_What you need to do_. Taking the line that contains "using par_at_new new(3) z zx" as the first and the final line of the records as the last, write out every line between them exactly, ends included, and nothing else.

*** Extracted data ***

lemma melonic_inv_insIIIs:
  assumes zx: "par G z = Some x" and a: "a \<in> {3, 4}" and c: "c \<in> {3, 4}"
    and pp: "\<pi> a = 1" "\<pi> 2 = 7 - c" "\<pi> (7 - a) = 2"
  shows "melonic_inv \<lparr>par = (par G)(v \<mapsto> x, v' \<mapsto> (v,a), z \<mapsto> (v',c)),
              dsh = add_dash (add_dash (dsh G) (v,2) (v',7-c)) (v,7-a) (v',2),
              cor = set_prop (cor G) v v' p\<rparr>" (is "melonic_inv ?G'")
proof -
  have "((z, 1), x) \<in> gadj G" using zx gedges_subset_gadj unfolding gedges_def by blast
  then have xy: "(x, (z, 1)) \<in> gadj G" using sym_gadj by (blast dest: symD)
  have z: "z \<in> verts G" "z \<noteq> v" "z \<noteq> v'" using zx new unfolding verts_def by auto
  have ac_facts: "a \<noteq> 2" "7 - a \<noteq> 2" "7 - a \<noteq> a" "c \<noteq> 2" "7 - c \<noteq> 2" "7 - c \<noteq> c"
    using a c by auto
  have p1: "\<pi> 1 = c" using a c pp by (intro prop_perm_1[OF p]) auto
  have "{1..4::nat} = {1, 2, a, 7 - a}" using a by auto
  then have corners: "corners v v' p = {((v,1),(v',c)), ((v,2),(v',7-c)), ((v,a),(v',1)), ((v,7-a),(v',2))}"
    unfolding corners_def using p1 pp by simp
  let ?ND = "{((v,2),(v',7-c)), ((v',7-c),(v,2)), ((v,7-a),(v',2)), ((v',2),(v,7-a))}"
  show ?thesis
  proof (rule melonic_inv_insertion[where NP = "{(v, x), (v', (v,a)), (z, (v',c))}" and DP = "{(z, x)}"
        and ND = ?ND and DD = "{}"])
    show "Map.graph (par ?G') = {(v, x), (v', (v,a)), (z, (v',c))} \<union> (Map.graph (par G) - {(z, x)})"
      using par_at_new new(3) z zx
      by (simp add: graph_upd_None graph_upd_Some insert_commute del: graph_map_upd) blast
    show "Map.graph (dsh ?G') = ?ND \<union> (Map.graph (dsh G) - {})"
      using ac_facts new(3) by (simp add: graph_add_dash add_dash_apply dsh_at_new)
  qed (use xy z p1 in \<open>auto simp: verts_def sym_def insertion_edges_def corners\<close>)
qed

*** End of Extracted data ***

_Response area_.
      using par_at_new new(3) z zx
      by (simp add: graph_upd_None graph_upd_Some insert_commute del: graph_map_upd) blast
    show "Map.graph (dsh ?G') = ?ND \<union> (Map.graph (dsh G) - {})"
      using ac_facts new(3) by (simp add: graph_add_dash add_dash_apply dsh_at_new)
  qed (use xy z p1 in \<open>auto simp: verts_def sym_def insertion_edges_def corners\<close>)
qed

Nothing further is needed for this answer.